Edebiyatta
Felsefe
Atalay
GİRGİN*
Edebiyat felsefe
ilişkisi, antik dönem tragedyaları da dâhil, edebiyatın verili ve olası tüm
türleri için geçerlidir. Felsefi olan, şu ya da bu ölçüde ve biçimde, edebiyata
içseldir, içselleştirilmiştir. Özellikle de bir tür olarak, roman, öykü, şiir, tiyatro
yapıtları, vb. söz konusu olduğunda…
Şiir, Aristoteles’e
göre felsefeye en yakın olandır. Melih Cevdet Anday’a göre de, “şiir felsefeye
bitişir.” Afşar Timuçin ise romanda, öyküde, şiirde felsefi sıfatını
ekledikleri yeni kategoriler oluşturmaya girişenlerin tümüne birden yanıt
verircesine, “Edebiyatın felsefeleştiği, felsefenin edebiyatlaştığı (…) bir
çağda yaşıyoruz.” dedikten sonra sözlerini şöyle sürdürür: Özellikle XIX.

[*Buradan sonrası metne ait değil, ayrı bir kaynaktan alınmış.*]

text \<open>\<open>S\<close> holds eigenvariables that must stay out of every antecedent of the proof; \<open>\<forall>\<close>-L
  could bring them in, and \<open>\<exists>\<close>-L cannot, as they occur in the succedent \<open>F \<or> X\<close>.\<close>
lemma I_Or_elim_avoiding:
  assumes "I_provable_with R G {#Or F X#}" "AllL \<notin> R"
    and "S \<subseteq> syms_fm X" "S \<inter> syms_ms G = {}"
    and "\<And>G'. S \<inter> syms_ms G' = {} \<Longrightarrow> I_provable_with R G' {#X#} \<Longrightarrow>
      I_provable_with R (H + G') {#F#}"
  shows "I_provable_with R (H + G) {#F#}"
  using assms
proof (induction G "{#Or F X#}" arbitrary: H rule: deriv.induct)
  case (contrL B G)
  then show ?case by (auto intro: deriv.contrL)
next
  case (contrR G B D)
  then show ?case using deriv_root[OF contrR.hyps(3)] by simp
next
  case (botR G C D)
  then have "I_provable_with R (H + G) {#Bot#}"
    using I_weaken[of R G "{#Bot#}" H] by simp
  then show ?case using botR by (auto intro: deriv.botR[where D = "{#}"])
next
  case (andL1 B C G)
  have "I_provable_with R (H + add_mset B G) {#F#}"
    using andL1.prems by (intro andL1.hyps(4)) auto
  then show ?case using andL1.hyps by (auto intro: deriv.andL1)
next
  case (andL2 B C G)
  have "I_provable_with R (H + add_mset C G) {#F#}"
    using andL2.prems by (intro andL2.hyps(4)) auto
  then show ?case using andL2.hyps by (auto intro: deriv.andL2)
next
  case (orL B C G)
  have "I_provable_with R (H + add_mset B G) {#F#}" "I_provable_with R (H + add_mset C G) {#F#}"
    using orL.prems by (intro orL.hyps(4,6); auto)+
  then show ?case using orL.hyps by (auto intro: deriv.orL)
next
  case (orR1 G B C D)
  then show ?case using I_weaken[of R G "{#F#}" H] by simp
next
  case (orR2 G B C D)
  then show ?case by auto
next
  case (impL B C G D T)
  have "D = {#}"
    using deriv_root[OF impL.hyps(3)] by (cases D) auto
  then have "T = {#Or F X#}"
    using impL.hyps(7) by simp
  then have "I_provable_with R (H + add_mset C G) {#F#}"
    using impL.prems by (intro impL.hyps(6)) auto
  moreover have "I_provable_with R (H + G) {#B#}"
    using impL.hyps(3) \<open>D = {#}\<close> I_weaken[of R G "{#B#}" H] by simp
  ultimately show ?case
    using impL by (auto intro: deriv.impL[where D = "{#}" and T = "{#F#}", simplified])
next
  case (exL B G c)
  have c: "c \<notin> syms_ms (add_mset (Ex B) G)" "c \<notin> syms_fm F" "c \<notin> syms_fm X"
    using exL.hyps(3) by auto
  then have "c \<notin> S"
    using exL.prems(2) by auto
  show ?case
  proof (rule I_exL_fresh[where A = "syms_fm X" and c = c])
    fix d assume d: "d \<notin> syms_fm X" "d \<notin> syms_ms (add_mset (Ex B) (H + G)) \<union> syms_ms {#F#}"
    let ?\<pi> = "transpose c d"
    have \<pi>_fixes: "ren_fm ?\<pi> X = X" "ren_fm ?\<pi> F = F"
      using c d by (auto intro: ren_fm_transpose_fresh)
    have "d \<notin> S"
      using d exL.prems(2) by auto
    have "S \<inter> syms_ms (add_mset (subst0 B (Fn c [])) G) = {}"
      using exL.prems(2,3) c syms_inst_fm[of 0 "Fn c []" B] by auto
    moreover have "I_provable_with R (ren_ms ?\<pi> H + G') {#F#}"
      if "S \<inter> syms_ms G' = {}" "I_provable_with R G' {#X#}" for G'
      using exL.prems(4) \<open>c \<notin> S\<close> \<open>d \<notin> S\<close> \<pi>_fixes that by (rule I_extension_transpose)
    ultimately have "I_provable_with R (ren_ms ?\<pi> H + add_mset (subst0 B (Fn c [])) G) {#F#}"
      using exL.prems(1,2) by (intro exL.hyps(5)) auto
    then show "I_provable_with R (ren_ms ?\<pi> H + add_mset (subst0 B (Fn c [])) G) (ren_ms ?\<pi> {#F#})"
      using \<pi>_fixes by simp
  qed (use exL.hyps c in auto)
qed (auto simp: is_axiom_def)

yüzyıl bu bütünlüklü kavrayışın geliştiği bir çağ oldu. Ancak insanlık XV. ve
XVI. yüzyıllardan başlayarak böylesi bir bütünleşmenin temellerini atmaya doğru
gitti. XVII. yüzyılın klasikleşmiş yapıtları felsefeleşmiş bir edebiyatın
varlığına tanıklık ederler. XVIII. yüzyılda Fransız aydınlanması edebiyata
felsefeyi getirirken felsefeye de edebi bir görünüm kazandırdı. Yalnız edebiyat
değil tüm sanatlar kendilerini felsefi bir derinlikte ortaya koymaya yöneldiler1.
Bunları bir yana
bıraktığımızda, edebiyatta felsefenin varoluşunu iki boyutta ele almak
mümkündür. Bunlardan ilki, bilinçli bir biçimde içselleştirilişi; diğeri ise
kendiliğinden, etik ilişkiler bazında içselleşişi. İlkinden başlayalım:
Edebiyatta
Felsefenin Bilinçli Var Kılınışı
Edebiyatta felsefe ya
da tek tek edebi türler ve bunlara ait yapıtlarda felsefe, felsefi olan, etik
ilişkiyi şimdilik paranteze alırsak, öncelikle ve esas olarak iki kanaldan var
olur. Bunlardan birincisi, yapıtın yaratıcısı olan sanatçının / yazarın, verili
felsefe akımlarının ya da tek tek filozofların / düşünürlerin, insan anlayışı
başta olmak üzere, şu ya da bu konudaki fikir ve önermelerini, anlatıya edebi
bir biçimde içselleştirmesi; tasarlayıp kurguladığı olay örgüsünde, kişiler ve
kişilerarası ilişkiler bazında etik kişi ve etik ilişkiler olarak sergilemesiyle
gerçekleşir. İster bir olumlamaya isterse bir olumsuzlamaya delalet etsin,
burada felsefe ve felsefi olan esas itibariyle, yazara dışsaldır. Yazar,
kabullensin ya da kabullenmesin, benimsesin ya da benimsemesin, kendisinden
bağımsız olarak var olan / var olmuş bir felsefi düşünüşü, anlayışı yapıtına
içselleştirmektedir. Elbette bunu, bir filozof gibi, adlandırarak, kavramlar
arası ilişkiler kurup neliği ve gerçekliği temelinde kavram çözümlemeleri ve
temellendirmeler yaparak, terminolojik bir anlatımla gerçekleştirmez. Bir
sanatçı olarak yazardan, böyle bir şeyi yapması ne istenir ne de beklenir. Bu
bir anlamda yazarın / “sanatçının, filozofa göre bir ayrıcalığı”dır.